Anyway, let's move on.
We're running out of time here.
Let's get to Zimbabwe news.
Hey, folks, we all know now that Zimbabwe has been overtaken by the ZDF, which is the Zimbabwe Defense Forces.
And folks, I've got some inside information that suggests that China actually may have been behind the coup on Mugabe.
Now, the reason I say this, folks, I'm not too sure if you're familiar, but China is kind of recolonizing Africa.
It's utilizing its resources that it makes, you know, being the mass producer of widgets for the world.
It is actually parlaying those investments and putting it into Africa.
Recolonization of Africa.
And obviously, one of its investments is in Zimbabwe.
Now, I want y'all to bear with me, folks, because a lot of information I'm about to give you here.
The general of the Zimbabwe Defense Forces, ZDF, General Chiwenga, General Chiwenga, actually went to China early this month.
I think it was the first week of November, to go visit China and, I guess, talk diplomatic relations, whatever the case might be.
That week that General Chawinga of the Zimbabwe Defense Forces went to China, the vice president of Zimbabwe, the vice president's name is Managangwa,
Managagwa, was not only kicked out of the vice presidential seat of Zimbabwe, he was sent into exile during the trip of General Chiwenga in China.
Now, I talked about how the vice president was in exile, and I talked about how this was a potential power play by Mugabe's wife, Gucci Grace.
I'm not joking, that's her name, Gucci Grace.
Now, China saw this and said, no, we're not doing this.
We're not allowing Gucci Grace to come in and ruin our investment.
I mean, lest we forget Zimbabwe, in Zimbabwe, China is their biggest trading partner.
So that means that China has a considerable investment in Zimbabwe, and they sure as hell don't want it to go into a Gucci Grace's hands.
That's for goddamn sure, all right?
So anyway, with that being said, when General Chawenga came back to Zimbabwe from his visit to China, he was given the okay by the Chinese to just go ahead and overtake the government from Mugabe.
And right now, we're in a holding pattern position in which General Chewenga and Mugabe are currently in talks in figuring out what exactly is going to happen with the government of Zimbabwe.
So with that being said, folks, China truly behind the coup with Zimbabwe.
They're basically protecting their colonial interests.
And this is what you have going on out here in Zimbabwe.
That was the reason for the coup.
That right there was the reason for the coup.
Inside track, China, freaking China, man.
Anyway, let's move on, folks.
We're running out of time.
Japan is going to bolster its military.
What did I tell you, folks?
This was all a part of the diplomatic and foreign policy plan of the Trump administration to allow North Korea to save a rattle with ballistic missiles and supposed nuclear weapons testing and all this other crap to justify Japan to build up its defense systems, to build up its military.

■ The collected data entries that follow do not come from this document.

lemma AE_zero_if_L2_inner_self_zero:
  assumes "f \<in> L2_space N" "L2_inner N f f = 0"
  shows "AE x in N. f x = 0"
proof -
  have "f x * cnj (f x) = complex_of_real ((cmod (f x))^2)" for x
    using complex_norm_square[of "f x"] by simp
  then have "L2_inner N f f = complex_of_real (LINT x|N. (cmod (f x))^2)"
    unfolding L2_inner_def by (simp flip: integral_complex_of_real)
  with assms have "(LINT x|N. (cmod (f x))^2) = 0" by simp
  then have "AE x in N. (cmod (f x))^2 = 0"
    using assms(1) by (subst integral_nonneg_eq_0_iff_AE[symmetric]) (auto simp: L2_space_def)
  then show ?thesis by simp
qed

lemma L2_limit_AE_zero_if_asymptotically_orthogonal:
  assumes "g \<in> L2_space N" "\<And>n. P n \<in> L2_space N"
    and "(\<lambda>n. L2_norm N (\<lambda>x. P n x - g x)) \<longlonglongrightarrow> 0"
    and "\<And>m. (\<lambda>n. L2_inner N (P n) (P m)) \<longlonglongrightarrow> 0"
  shows "AE x in N. g x = 0"
proof (rule AE_zero_if_L2_inner_self_zero[OF assms(1)])
  have "L2_inner N g (P m) = 0" for m
    using LIMSEQ_unique[OF L2_inner_tendsto_left[OF assms(1,2,2,3)] assms(4)] .
  then have "(\<lambda>m. L2_inner N (P m) g) \<longlonglongrightarrow> 0"
    by (subst L2_inner_cnj) simp
  then show "L2_inner N g g = 0"
    using LIMSEQ_unique[OF L2_inner_tendsto_left[OF assms(1,1,2,3)]] by blast
qed

lemma summable_on_iff_integrable_count_space:
  fixes h :: "'b \<Rightarrow> real"
  shows "h summable_on UNIV \<longleftrightarrow> integrable (count_space UNIV) h"
  using summable_on_iff_abs_summable_on_real[of h UNIV] abs_summable_equivalent[of h UNIV]
  by (simp add: Infinite_Set_Sum.abs_summable_on_def)

lemma infsum_eq_integral_count_space:
  fixes h :: "'b \<Rightarrow> real"
  shows "infsum h UNIV = integral\<^sup>L (count_space UNIV) h"
proof (cases "h summable_on UNIV")
  case True
  then have "Infinite_Set_Sum.abs_summable_on h UNIV"
    using summable_on_iff_abs_summable_on_real abs_summable_equivalent by blast
  from infsetsum_infsum[OF this] show ?thesis by (simp add: infsetsum_def)
next
  case False
  then show ?thesis
    by (simp add: summable_on_iff_integrable_count_space infsum_not_exists
        not_integrable_integral_eq)
qed

lemma l2Z_eq_L2_space: "l2Z = L2_space (count_space UNIV)"
  by (auto simp: l2Z_def L2_space_def summable_on_iff_integrable_count_space)

lemma l2Z_dist_eq_L2_norm: "l2Z_dist c d = L2_norm (count_space UNIV) (\<lambda>k. c k - d k)"
  by (simp add: l2Z_dist_def L2_norm_def infsum_eq_integral_count_space)

lemma L2_eq_L2_space: "L2 M = L2_space M"
  by (simp add: L2_def L2_space_def)

lemma L2_dist_eq_L2_norm: "L2_dist M f g = L2_norm M (\<lambda>x. f x - g x)"
  by (simp add: L2_dist_def L2_norm_def)

lemma l2Z_dist_nonneg: "0 \<le> l2Z_dist c d"
  by (simp add: l2Z_dist_eq_L2_norm L2_norm_nonneg)

lemma L2_dist_nonneg: "0 \<le> L2_dist M f g"
  by (simp add: L2_dist_eq_L2_norm L2_norm_nonneg)

lemma l2Z_dist_mult: "l2Z_dist (\<lambda>k. a * c k) (\<lambda>k. a * d k) = cmod a * l2Z_dist c d"
  using L2_norm_mult[of _ a "\<lambda>k. c k - d k"]
  by (simp add: l2Z_dist_eq_L2_norm right_diff_distrib)

lemma L2_dist_mult: "L2_dist M (\<lambda>x. a * f x) (\<lambda>x. a * g x) = cmod a * L2_dist M f g"
  using L2_norm_mult[of _ a "\<lambda>x. f x - g x"]
  by (simp add: L2_dist_eq_L2_norm right_diff_distrib)

lemma finsupp_seqs_subset_l2Z: "finsupp_seqs \<subseteq> l2Z"
proof
  fix c assume "c \<in> finsupp_seqs"
  then have "(\<lambda>k. (cmod (c k))^2) summable_on {k. c k \<noteq> 0}"
    by (simp add: finsupp_seqs_def)
  moreover have "(\<lambda>k. (cmod (c k))^2) summable_on {k. c k \<noteq> 0} \<longleftrightarrow>
      (\<lambda>k. (cmod (c k))^2) summable_on UNIV"
    by (rule summable_on_cong_neutral) auto
  ultimately show "c \<in> l2Z"
    by (simp add: l2Z_def)
qed

lemma finsupp_seqs_add:
  assumes "c \<in> finsupp_seqs" "d \<in> finsupp_seqs"
  shows "(\<lambda>k. c k + d k) \<in> finsupp_seqs"
proof -
  have "{k. c k + d k \<noteq> 0} \<subseteq> {k. c k \<noteq> 0} \<union> {k. d k \<noteq> 0}" by auto
  with assms show ?thesis by (auto simp: finsupp_seqs_def intro: finite_subset)
qed

lemma finsupp_seqs_mult: "c \<in> finsupp_seqs \<Longrightarrow> (\<lambda>k. a * c k) \<in> finsupp_seqs"
  by (auto simp: finsupp_seqs_def intro: finite_subset[of _ "{k. c k \<noteq> 0}"])

lemma l2Z_dist_zero_finsupp:
  assumes "c \<in> finsupp_seqs"
  shows "l2Z_dist c (\<lambda>k. 0) = L2_set (\<lambda>k. cmod (c k)) {k. c k \<noteq> 0}"
proof -
  have "infsum (\<lambda>k. (cmod (c k))^2) UNIV = infsum (\<lambda>k. (cmod (c k))^2) {k. c k \<noteq> 0}"
    by (rule infsum_cong_neutral) auto
  with assms show ?thesis by (simp add: l2Z_dist_def L2_set_def finsupp_seqs_def)
qed

lemma Fop_eq_sum:
  assumes "finite S" "{k. c k \<noteq> 0} \<subseteq> S"
  shows "Fop c x = (\<Sum>k\<in>S. c k * ek k x)"
  unfolding Fop_def by (rule sum.mono_neutral_left) (use assms in auto)

lemma Fop_add:
  assumes "c \<in> finsupp_seqs" "d \<in> finsupp_seqs"
  shows "Fop (\<lambda>k. c k + d k) = (\<lambda>x. Fop c x + Fop d x)"
proof
  fix x
  let ?S = "{k. c k \<noteq> 0} \<union> {k. d k \<noteq> 0}"
  have fin: "finite ?S" using assms by (simp add: finsupp_seqs_def)
  have "Fop (\<lambda>k. c k + d k) x = (\<Sum>k\<in>?S. (c k + d k) * ek k x)"
    by (rule Fop_eq_sum[OF fin]) auto
  also have "\<dots> = (\<Sum>k\<in>?S. c k * ek k x) + (\<Sum>k\<in>?S. d k * ek k x)"
    by (simp add: distrib_right sum.distrib)
  also have "\<dots> = Fop c x + Fop d x"
    using Fop_eq_sum[OF fin, of c x] Fop_eq_sum[OF fin, of d x] by auto
  finally show "Fop (\<lambda>k. c k + d k) x = Fop c x + Fop d x" .
qed

lemma Fop_mult: "Fop (\<lambda>k. a * c k) = (\<lambda>x. a * Fop c x)"
  by (cases "a = 0") (simp_all add: fun_eq_iff Fop_def sum_distrib_left mult.assoc)

lemma norm_ek [simp]: "cmod (ek k x) = 1"
  by (simp add: ek_def norm_exp_i_times)

lemma continuous_on_ek: "continuous_on UNIV (ek k)"
  unfolding ek_def by (intro continuous_intros)

lemma ek_mult_cnj: "ek k x * cnj (ek j x) = ek (k - j) x"
  by (simp add: ek_def exp_cnj mult_exp_exp algebra_simps flip: exp_minus)

section \<open>The closure of the graph\<close>

lemma graph_closureI:
  assumes "c \<in> l2Z" "g \<in> L2 M" "\<And>n. s n \<in> finsupp_seqs"
    "(\<lambda>n. l2Z_dist (s n) c) \<longlonglongrightarrow> 0" "(\<lambda>n. L2_dist M (Fop (s n)) g) \<longlonglongrightarrow> 0"
  shows "(c, g) \<in> graph_closure M"
  using assms unfolding graph_closure_def by blast

lemma graph_closure_in_L2: "(c, g) \<in> graph_closure M \<Longrightarrow> g \<in> L2 M"
  by (simp add: graph_closure_def)

lemma graph_closureE:
  assumes "(c, g) \<in> graph_closure M"
  obtains s where "\<And>n. s n \<in> finsupp_seqs" "(\<lambda>n. l2Z_dist (s n) c) \<longlonglongrightarrow> 0"
    "(\<lambda>n. L2_dist M (Fop (s n)) g) \<longlonglongrightarrow> 0" "c \<in> l2Z" "g \<in> L2 M"
  using assms unfolding graph_closure_def by blast

locale borel_finite_measure = finite_measure M for M :: "real measure" +
  assumes sets_M: "sets M = sets borel"
begin

lemma measurable_ek [measurable]: "ek k \<in> borel_measurable M"
  using borel_measurable_continuous_onI[OF continuous_on_ek] measurable_cong_sets[OF sets_M refl]
  by blast

lemma integrable_ek: "integrable M (ek k)"
  by (rule integrable_const_bound[where B=1]) auto

lemma measurable_Fop [measurable]: "Fop c \<in> borel_measurable M"
  unfolding Fop_def[abs_def] by measurable

lemma Fop_in_L2: "Fop c \<in> L2 M"
proof -
  have "cmod (Fop c x) \<le> (\<Sum>k\<in>{k. c k \<noteq> 0}. cmod (c k))" for x
    unfolding Fop_def using norm_sum[of "\<lambda>k. c k * ek k x"] by (simp add: norm_mult)
  then have "integrable M (\<lambda>x. (cmod (Fop c x))^2)"
    by (intro integrable_const_bound[where B="(\<Sum>k\<in>{k. c k \<noteq> 0}. cmod (c k))^2"])
      (auto intro!: AE_I2 power_mono)
  then show ?thesis by (simp add: L2_def)
qed
(* For a fixed $\tau=\tau_1\ldots\tau_k\in\mathcal{S}_k$ and $n\ge k$, the number $\mathrm{inv}_n(\tau)$ of involutions in $\mathcal{S}_n$ which contain $\tau$ as a subsequence equals $$\sum_{j\in\mathcal{J}(\tau)}\binom{n-k}{k-j}t_{n-2k+j}.$$
   Context: $t_m$ denotes the number of involutions in $\mathcal{S}_m$ ($t_0=1$); terms with $k-j>n-k$ are $0$. A permutation $\pi=\pi_1\ldots\pi_n$ contains $\tau$ as a subsequence if there are indices $i_1<\cdots<i_k$ with $\pi_{i_r}=\tau_r$ for all $r$. The pattern of a word of $j$ distinct letters is its order-preserving relabeling by $\{1,\ldots,j\}$; the length-$j$ initial pattern of $\tau$ is the pattern of $\tau_1\ldots\tau_j$. The $j$-set $\mathcal{J}(\tau)$ of $\tau\in\mathcal{S}_k$ is the set consisting of $0$ together with all $j\in\{1,\ldots,k\}$ such that the length-$j$ initial pattern of $\tau$ is an involution in $\mathcal{S}_j$. *)

theory Defs
  imports Main
begin

text \<open>Permutations of S_n are represented in one-line notation as lists
  pi_1 ... pi_n (list index i-1 holds pi_i), with values in 1..n.\<close>

definition perms :: "nat \<Rightarrow> nat list set" where
  "perms n = {p. length p = n \<and> distinct p \<and> set p = {1..n}}"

And of course, Prime Minister Abe had a snap election so that he could solidify his authority in an attempt to try to remilitarize Japan.
And of course, he is blaming North Korea for this remilitarization.
He's calling North Korea Japan's biggest threat since World War II.
And as a result, he's going to bolster up his defense power.
He's going to bolster up his missile and anti-defense missile power.
And this is a big step for Japan because, in my personal opinion, if I were China, Japan is the last people I'd want to be remilitarized, considering China is already in a precarious situation surrounded by nuclear powers.
So it's very interesting, very interesting what we have here in Japan.
And remember, I want to be perfectly honest with you.
I think the Japanese want to go into China and start slaughtering Chinese for revenge, folks.
Look back in history and you'll understand what I'm talking about.
The Japanese hate the Chinese.
I mean, the Vietnamese hate the Chinese.
The Koreans are not very favorable to the Chinese.
As a matter of fact, you want to see true racism?
Go to Asia.
The Asian races all hate one another, man.
It's unbelievable.
So it's going to be interesting what's going to translate in Asia, considering you've got a remilitarization of Japan.
You've got this saber-rattling with North Korea.
You've got other Asian countries in the region trying to flex nuts economically.
Singapore is one specifically.
Vietnam is now starting to open up its economic horizons.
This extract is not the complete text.